Kunden nutzen ihr Handy längst als Organizer und verschicken seit 1994 Nachrichten mit einer Länge von 160 Zeichen - die SMS. "Damals hätte niemand erwartet, dass SMS in Deutschland ein solcher Erfolg werden würde", sagt Britta Oertel vom Institut für Zukunftsstudien und Technologiebewertung in Berlin. Via WAP (Wireless Application Protocol), vom 1997 gegründeten WAP-Forum vorgestellt, konnten Anwender zudem Newsticker und Fußballergebnisse abfragen. Der langsame Verbindungsaufbau und die hohen Kosten hätten die Nutzer aber enttäuscht, so Oertel.

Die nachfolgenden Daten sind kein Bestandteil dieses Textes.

definition graph_wf :: "'a set \<Rightarrow> 'a set set \<Rightarrow> bool" where
  "graph_wf V E \<longleftrightarrow> finite V \<and> (\<forall>e\<in>E. \<exists>i j. e = {i, j} \<and> i \<noteq> j \<and> i \<in> V \<and> j \<in> V)"

definition reach :: "'a set set \<Rightarrow> 'a \<Rightarrow> 'a \<Rightarrow> bool" where
  "reach F u v \<longleftrightarrow> (u, v) \<in> {(p, q). {p, q} \<in> F}\<^sup>*"

definition connected_on :: "'a set \<Rightarrow> 'a set set \<Rightarrow> bool" where
  "connected_on V F \<longleftrightarrow> (\<forall>u\<in>V. \<forall>v\<in>V. reach F u v)"

text \<open>A spanning tree: a set of graph edges connecting all vertices that is minimally
  connected (removing any edge disconnects it), i.e. connected and acyclic.\<close>
definition spanning_tree :: "'a set \<Rightarrow> 'a set set \<Rightarrow> 'a set set \<Rightarrow> bool" where
  "spanning_tree V E T \<longleftrightarrow> T \<subseteq> E \<and> connected_on V T \<and> (\<forall>e\<in>T. \<not> connected_on V (T - {e}))"

definition comp :: "'a set \<Rightarrow> 'a set set \<Rightarrow> 'a \<Rightarrow> 'a set" where
  "comp V F v = {u \<in> V. reach F v u}"

text \<open>For a tree edge e (directed toward the root \<rho>), its tail is the endpoint i not in the
  root's component of T - e; C(i,j) is the component of T - e containing i.\<close>
definition tail_toward_root :: "'a set \<Rightarrow> 'a set set \<Rightarrow> 'a \<Rightarrow> 'a set \<Rightarrow> 'a" where
  "tail_toward_root V T \<rho> e = (THE i. i \<in> e \<and> i \<notin> comp V (T - {e}) \<rho>)"

definition treeC :: "'a set \<Rightarrow> 'a set set \<Rightarrow> 'a \<Rightarrow> 'a set \<Rightarrow> 'a set" where
  "treeC V T \<rho> e = comp V (T - {e}) (tail_toward_root V T \<rho> e)"

definition cut :: "'a set set \<Rightarrow> 'a set \<Rightarrow> 'a set set" where
  "cut E C = {e \<in> E. card (e \<inter> C) = 1}"

definition Rcut :: "'a set set \<Rightarrow> ('a set \<Rightarrow> real) \<Rightarrow> 'a set \<Rightarrow> real" where
  "Rcut E r C = inverse (\<Sum>e\<in>cut E C. 1 / r e)"

definition bset :: "('a \<Rightarrow> real) \<Rightarrow> 'a set \<Rightarrow> real" where
  "bset b C = (\<Sum>v\<in>C. b v)"

definition fset :: "'a set \<Rightarrow> 'a set set \<Rightarrow> ('a set \<Rightarrow> real) \<Rightarrow> ('a \<Rightarrow> real) \<Rightarrow> 'a set \<Rightarrow> real" where
  "fset V E r x C = (\<Sum>k\<in>C. \<Sum>l\<in>{l \<in> V - C. {k, l} \<in> E}. (x k - x l) / r {k, l})"

definition Delta :: "'a set \<Rightarrow> 'a set set \<Rightarrow> ('a set \<Rightarrow> real) \<Rightarrow> ('a \<Rightarrow> real) \<Rightarrow> ('a \<Rightarrow> real) \<Rightarrow> 'a set \<Rightarrow> real" where
  "Delta V E r b x C = (bset b C - fset V E r x C) * Rcut E r C"

definition is_bflow :: "'a set \<Rightarrow> 'a set set \<Rightarrow> ('a \<Rightarrow> real) \<Rightarrow> ('a \<Rightarrow> 'a \<Rightarrow> real) \<Rightarrow> bool" where
  "is_bflow V E b f \<longleftrightarrow> (\<forall>i j. {i, j} \<in> E \<longrightarrow> f j i = - f i j) \<and>
     (\<forall>i\<in>V. (\<Sum>j\<in>{j \<in> V. {i, j} \<in> E}. f i j) = b i)"

text \<open>Tree-defined flow: (x i - x j)/r on non-tree edges, the unique b-flow values on tree
  edges (and 0 on non-edges, which are not part of the flow).\<close>
definition tree_flow :: "'a set \<Rightarrow> 'a set set \<Rightarrow> ('a set \<Rightarrow> real) \<Rightarrow> ('a \<Rightarrow> real) \<Rightarrow> 'a set set \<Rightarrow> ('a \<Rightarrow> real) \<Rightarrow> 'a \<Rightarrow> 'a \<Rightarrow> real" where
  "tree_flow V E r b T x = (THE f. is_bflow V E b f \<and>
     (\<forall>i j. {i, j} \<in> E - T \<longrightarrow> f i j = (x i - x j) / r {i, j}) \<and>
     (\<forall>i j. {i, j} \<notin> E \<longrightarrow> f i j = 0))"
lemma char_poly_at_arrA:
  fixes x :: "'a::comm_ring_1"
  assumes a: "finite a" "\<forall>r\<in>a. r \<ge> 2"
  shows "char_poly_at n (arrA n a) x = (\<Sum>J\<in>Pow (hyp_index n a). (-1) ^ card J *
           (\<Sum>S\<in>Pow {..<n}. (-1) ^ card S * x ^ (n - fv.dim (unitv ` S \<union> normalA ` J))))"
proof -
  define I where "I = hyp_index n a"
  define coord where "coord = (\<lambda>i. (unitv i, 0 :: real))"
  define fA where "fA = (\<lambda>p. (normalA p, 0 :: real))"
  define F where "F B = (-1) ^ card B * x ^ (n - arr_rank B)" for B
  have fin: "finite I" "finite {..<n}"
    using finite_hyp_index[OF a(1)] by (simp_all add: I_def)
  have arr: "arrA n a = coord ` {..<n} \<union> fA ` I"
    unfolding arrA_eq coord_def fA_def I_def ..
  have inj_coord: "inj_on coord {..<n}"
    by (rule inj_onI) (auto simp: coord_def unitv_def fun_eq_iff split: if_splits)
  have inj_fA: "inj_on fA I"
    using inj_on_normalA[OF a(2)] by (auto simp: inj_on_def fA_def I_def)
  have disj: "coord ` {..<n} \<inter> fA ` I = {}"
    using unitv_neq_normalA[OF _ a(2)] by (auto simp: coord_def fA_def I_def)
  have "char_poly_at n (arrA n a) x = (\<Sum>S\<in>Pow {..<n}. \<Sum>J\<in>Pow I. F (coord ` S \<union> fA ` J))"
    unfolding char_poly_at_def central_subsets_arrA F_def[symmetric] unfolding arr
    using fin disj by (simp add: sum_Pow_Un_disjoint sum_Pow_image inj_coord inj_fA)
  also have "\<dots> = (\<Sum>S\<in>Pow {..<n}. \<Sum>J\<in>Pow I. (-1) ^ card J *
                 ((-1) ^ card S * x ^ (n - fv.dim (unitv ` S \<union> normalA ` J))))"
  proof (intro sum.cong refl)
    fix S J assume S: "S \<in> Pow {..<n}" and J: "J \<in> Pow I"
    have "card (coord ` S \<union> fA ` J) = card S + card J"
      using S J fin disj inj_on_subset[OF inj_coord] inj_on_subset[OF inj_fA]
      by (subst card_Un_disjoint) (auto simp: card_image intro: finite_subset)
    moreover have "arr_rank (coord ` S \<union> fA ` J) = fv.dim (unitv ` S \<union> normalA ` J)"
      unfolding arr_rank_def image_Un image_image coord_def fA_def by simp
    ultimately show "F (coord ` S \<union> fA ` J) = (-1) ^ card J *
        ((-1) ^ card S * x ^ (n - fv.dim (unitv ` S \<union> normalA ` J)))"
      by (simp add: F_def power_add mult_ac)
  qed
  also have "\<dots> = (\<Sum>J\<in>Pow I. (-1) ^ card J *
           (\<Sum>S\<in>Pow {..<n}. (-1) ^ card S * x ^ (n - fv.dim (unitv ` S \<union> normalA ` J))))"
    by (subst sum.swap) (simp add: sum_distrib_left)
  finally show ?thesis
    unfolding I_def .
qed
lemma integral_exp_square_le_epsilon:
  fixes H :: "real \<Rightarrow> real"
  assumes cont: "continuous_on {0..} H" and bnd: "\<And>t. t \<ge> 0 \<Longrightarrow> \<bar>H t\<bar> \<le> B"
    and moments: "\<And>k::nat. ((\<lambda>T. integral {0..T} (\<lambda>t. exp (- (1 + real k) * t) * H t)) \<longlongrightarrow> 0) at_top"
    and T0: "T0 \<ge> 0" and e: "e > 0"
  shows "integral {0..T0} (\<lambda>t. (exp (- t) * H t)\<^sup>2) \<le> (1 + B) * e"
proof -
  \<comment> \<open>Since phi (exp (-t)) = exp (-t) * H t, replacing phi by a polynomial P turns the integral of
    (exp (-t) * H t)^2 into a combination of the vanishing moments, up to an error B e.\<close>
  define \<phi> where "\<phi> x = (if x \<le> 0 then 0 else x * H (- ln x))" for x :: real
  have "continuous_on {0..1} \<phi>"
    unfolding \<phi>_def by (rule continuous_on_exp_substitution[OF cont bnd])
  from Stone_Weierstrass_polynomial_function[OF compact_Icc this e]
  obtain P where P: "polynomial_function P" "\<And>x. x \<in> {0..1} \<Longrightarrow> \<bar>\<phi> x - P x\<bar> < e"
    by auto
  define J where "J T = integral {0..T} (\<lambda>t. exp (- t) * H t * P (exp (- t)))" for T
  have "(J \<longlongrightarrow> 0) at_top"
    unfolding J_def by (rule tendsto_integral_exp_polynomial[OF cont P(1) moments])
  from tendstoD[OF this e] have "\<forall>\<^sub>F T in at_top. \<bar>J T\<bar> < e" by (simp add: dist_real_def)
  then have "\<forall>\<^sub>F T in at_top. T \<ge> T0 \<and> \<bar>J T\<bar> < e"
    by (rule eventually_conj[OF eventually_ge_at_top])
  then obtain T where T: "T \<ge> T0" "\<bar>J T\<bar> < e"
    using eventually_happens'[OF trivial_limit_at_top_linorder] by blast
  have "continuous_on {0..T} (\<lambda>t. (exp (- t) * H t)\<^sup>2)"
    by (intro continuous_intros continuous_on_subset[OF cont]) auto
  then have "integral {0..T0} (\<lambda>t. (exp (- t) * H t)\<^sup>2) \<le> integral {0..T} (\<lambda>t. (exp (- t) * H t)\<^sup>2)"
    using T T0 by (intro integral_subset_le integrable_continuous_interval)
      (auto intro: continuous_on_subset)
  also have "\<dots> \<le> \<bar>J T\<bar> + B * e"
    unfolding J_def
  proof (rule integral_exp_square_le_approx)
    show "continuous_on {0..T} H" by (rule continuous_on_subset[OF cont]) auto
    show "continuous_on {0..1} P" by (rule continuous_on_polymonial_function[OF P(1)])
    show "\<bar>exp (- t) * H t - P (exp (- t))\<bar> \<le> e" if "t \<in> {0..T}" for t
      using P(2)[of "exp (- t)"] that by (simp add: \<phi>_def)
  qed (use bnd T T0 in auto)
  also have "\<dots> \<le> (1 + B) * e" using T by (simp add: algebra_simps)
  finally show ?thesis .
qed

lemma exp_moments_zero_imp_zero:
  fixes H :: "real \<Rightarrow> real"
  assumes cont: "continuous_on {0..} H" and bnd: "\<And>t. t \<ge> 0 \<Longrightarrow> \<bar>H t\<bar> \<le> B"
    and moments: "\<And>k::nat. ((\<lambda>T. integral {0..T} (\<lambda>t. exp (- (1 + real k) * t) * H t)) \<longlongrightarrow> 0) at_top"
    and t0: "t0 \<ge> 0"
  shows "H t0 = 0"
proof -
  define q where "q = (\<lambda>t. (exp (- t) * H t)\<^sup>2)"
  have q_cont: "continuous_on {0..t0 + 1} q"
    unfolding q_def by (intro continuous_intros continuous_on_subset[OF cont]) auto
  have B: "B \<ge> 0" using bnd[of 0] by simp
  have "integral {0..t0 + 1} q \<le> 0"
  proof (rule field_le_epsilon)
    fix e :: real assume "e > 0"
    then show "integral {0..t0 + 1} q \<le> 0 + e"
      using integral_exp_square_le_epsilon[OF cont bnd moments, of "t0 + 1" "e / (1 + B)"] t0 B
      by (simp add: q_def)
  qed
  moreover have "integral {0..t0 + 1} q \<ge> 0"
    using q_cont by (intro integral_nonneg integrable_continuous_interval) (auto simp: q_def)
  ultimately have "(q has_integral 0) (cbox 0 (t0 + 1))"
    using integrable_continuous_interval[OF q_cont] by (simp add: has_integral_iff)
  then have "q t0 = 0"
    using q_cont t0 by (intro has_integral_0_cbox_imp_0[of 0 "t0 + 1" q]) (auto simp: q_def)
  then show ?thesis by (simp add: q_def)
qed

lemma laplace_transform_zero_imp_zero:
  fixes g :: "real \<Rightarrow> real"
  assumes cont: "continuous_on {0<..} g"
    and laplace: "\<forall>\<^sub>F s in at_top. ((\<lambda>t. exp (- s * t) * g t) has_integral 0) {0<..}"
    and t: "t > 0"
  shows "g t = 0"
proof -
  obtain S where S: "\<And>s. s \<ge> S \<Longrightarrow> ((\<lambda>t. exp (- s * t) * g t) has_integral 0) {0..}"
    using laplace unfolding eventually_at_top_linorder has_integral_Ioi_iff_Ici by blast
  \<comment> \<open>The primitive H of k is bounded, and by parts its transform at 1 + j is that of g at
    S + 1 + j divided by 1 + j, hence zero.\<close>
  define k where "k t = exp (- S * t) * g t" for t
  define H where "H T = integral {0..T} k" for T
  have k_int: "(k has_integral 0) {0..}" unfolding k_def using S by simp
  have k_sub: "k integrable_on {0..T}" for T
    using k_int by (intro integrable_on_subinterval[of _ "{0..}"]) (auto simp: integrable_on_def)
  have k_cont: "continuous_on {0<..} k" unfolding k_def by (intro continuous_intros cont)
  have H_cont: "continuous_on {0..} H" unfolding H_def by (rule continuous_on_primitive_Ici[OF k_sub])
  obtain B where B: "\<And>t. t \<ge> 0 \<Longrightarrow> \<bar>H t\<bar> \<le> B"
    using bounded_Ici_if_tendsto_at_top[OF H_cont tendsto_integral_Icc_at_top[OF k_int, folded H_def]] by blast
  have moments: "((\<lambda>T. integral {0..T} (\<lambda>t. exp (- (1 + real j) * t) * H t)) \<longlongrightarrow> 0) at_top"
    for j :: nat
  proof -
    have "((\<lambda>t. exp (- (1 + real j) * t) * k t) has_integral 0) {0..}"
      using S[of "S + (1 + real j)"] by (simp add: k_def exp_add[symmetric] algebra_simps)
    from tendsto_laplace_primitive[OF k_int k_cont this] show ?thesis unfolding H_def by simp
  qed
  have H0: "H x = 0" if "x \<ge> 0" for x by (rule exp_moments_zero_imp_zero[OF H_cont B moments that])
  have "(H has_vector_derivative k t) (at t)"
    unfolding H_def using t k_cont
    by (intro primitive_has_vector_derivative[OF k_sub, of t "t + 1"]) (auto simp: continuous_on_eq_continuous_at)
  then have "((\<lambda>_. 0) has_vector_derivative k t) (at t)"
    by (rule has_vector_derivative_transform_within_open[of _ _ _ "{0<..}"]) (use t H0 in auto)
  then have "k t = 0" using vector_derivative_unique_at[OF _ has_vector_derivative_const] by blast
  then show ?thesis by (simp add: k_def)
qed

lemma laplace_transform_zero_imp_zero_complex:
  fixes g :: "real \<Rightarrow> complex"
  assumes cont: "continuous_on {0<..} g"
    and laplace: "\<forall>\<^sub>F s in at_top. ((\<lambda>t. of_real (exp (- s * t)) * g t) has_integral 0) {0<..}"
    and t: "t > 0"
  shows "g t = 0"
proof (rule complex_eqI)
  have "\<forall>\<^sub>F s in at_top. ((\<lambda>t. exp (- s * t) * Re (g t)) has_integral 0) {0<..}"
    by (rule eventually_mono[OF laplace]) (drule has_integral_Re, simp)
  from laplace_transform_zero_imp_zero[OF continuous_on_Re[OF cont] this t]
  show "Re (g t) = Re 0" by simp
  have "\<forall>\<^sub>F s in at_top. ((\<lambda>t. exp (- s * t) * Im (g t)) has_integral 0) {0<..}"
    by (rule eventually_mono[OF laplace]) (drule has_integral_Im, simp)
  from laplace_transform_zero_imp_zero[OF continuous_on_Im[OF cont] this t]
  show "Im (g t) = Im 0" by simp
qed

section \<open>The relaxation modulus of the Andrade model\<close>

lemma eventually_powr_gt_at_top:
  fixes \<beta> \<tau> c :: real
  assumes \<beta>: "\<beta> > 0" and \<tau>: "\<tau> > 0"
  shows "\<forall>\<^sub>F s in at_top. c < (s * \<tau>) powr \<beta>"
proof (rule eventually_mono[OF eventually_gt_at_top[of "(\<bar>c\<bar> + 1) powr (1 / \<beta>) / \<tau>"]])
  fix s assume "(\<bar>c\<bar> + 1) powr (1 / \<beta>) / \<tau> < s"
  then have "(\<bar>c\<bar> + 1) powr (1 / \<beta>) < s * \<tau>" using \<tau> by (simp add: field_simps)
  then have "((\<bar>c\<bar> + 1) powr (1 / \<beta>)) powr \<beta> < (s * \<tau>) powr \<beta>"
    using \<beta> by (intro powr_less_mono2) auto
  then show "c < (s * \<tau>) powr \<beta>" using \<beta> by (simp add: powr_powr)
qed

lemma continuous_on_rabotnov:
  assumes "\<nu> > -1"
  shows "continuous_on {0<..} (rabotnov \<nu> lam)"
proof -
  have "continuous_on UNIV (mittag_leffler (\<nu> + 1) (\<nu> + 1))"
    using isCont_mittag_leffler assms by (intro continuous_at_imp_continuous_on) auto
  moreover have "continuous_on {0<..} (\<lambda>t. lam * of_real (t powr (\<nu> + 1)))"
    by (intro continuous_intros) auto
  ultimately have "continuous_on {0<..} (\<lambda>t. mittag_leffler (\<nu> + 1) (\<nu> + 1) (lam * of_real (t powr (\<nu> + 1))))"
    by (rule continuous_on_compose2) auto
  then show ?thesis
    unfolding rabotnov_def[abs_def] by (intro continuous_intros) auto
qed

lemma has_integral_laplace_partial_fractions:
  fixes p :: "complex poly" and R :: "complex set" and \<beta> \<tau> s :: real
  assumes card: "card R = degree p" and deg: "degree p > 0"
    and roots: "\<And>x. x \<in> R \<Longrightarrow> poly p x = 0"
    and \<beta>: "\<beta> > 0" and \<tau>: "\<tau> > 0" and s: "s > 0"
    and small: "\<And>x. x \<in> R \<Longrightarrow> norm x < (s * \<tau>) powr \<beta>"
  shows "((\<lambda>t. of_real (exp (- s * t)) * (\<Sum>x\<in>R. rabotnov (\<beta> - 1) x (t / \<tau>) / poly (pderiv p) x))
           has_integral of_real \<tau> / poly p (of_real ((s * \<tau>) powr \<beta>))) {0<..}"
proof -
  define w :: complex where "w = of_real ((s * \<tau>) powr \<beta>)"
  have "finite R" using card deg by (simp add: card_ge_0_finite)
  then have integral: "((\<lambda>t. \<Sum>x\<in>R. of_real (exp (- s * t)) * rabotnov (\<beta> - 1) x (t / \<tau>) / poly (pderiv p) x)
      has_integral (\<Sum>x\<in>R. of_real \<tau> / (w - x) / poly (pderiv p) x)) {0<..}"
    unfolding w_def
    by (intro has_integral_sum has_integral_divide has_integral_laplace_rabotnov \<beta> \<tau> s small)
  have "w \<notin> R" using small s \<tau> by (force simp: w_def)
  have "(\<Sum>x\<in>R. of_real \<tau> / (w - x) / poly (pderiv p) x)
      = of_real \<tau> * (\<Sum>x\<in>R. 1 / (poly (pderiv p) x * (w - x)))"
    by (simp add: sum_distrib_left mult.commute)
  also have "\<dots> = of_real \<tau> / poly p w"
    using partial_fractions_simple_roots[OF card deg roots \<open>w \<notin> R\<close>] by simp
  finally show ?thesis using integral by (simp add: w_def sum_distrib_left)
qed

Inzwischen haben sich Mobiltelefone zu Multimedia-Geräten mit oft schickem Design gemausert: Mobile Bildschirmtelefone gab es schon Mitte der neunziger Jahre, heute dient das Handy als Kamera, und i-mode macht seit einem Jahr den mobilen Empfang bewegter Bilder möglich. Voraussetzung dafür sind höhere Bandbreiten durch den GPRS-Standard (General Packet Radio Service) und Verbindungs-Turbos wie HSCSD (High Speed Circuit Switched Data). Mit Spannung erwartet wird nach wie vor UMTS (Universal Mobile Telecommunications System), mit dem der Kunde sehr schnell im Internet surfen und andere Multimedia-Angebote empfangen können soll.

"UMTS wird langfristig zum Standard werden - die Firmen haben schon zu viel Geld investiert, um diese Technik wieder fallen zu lassen", sagt Oertel. In Zukunft dürften sich aber verschiedene Techniken ergänzen - neben UMTS könnten auch die kabellose Übertragungstechnologie Wireless LAN und der digitale Rundfunkstandard DVB-T eine Rolle spielen.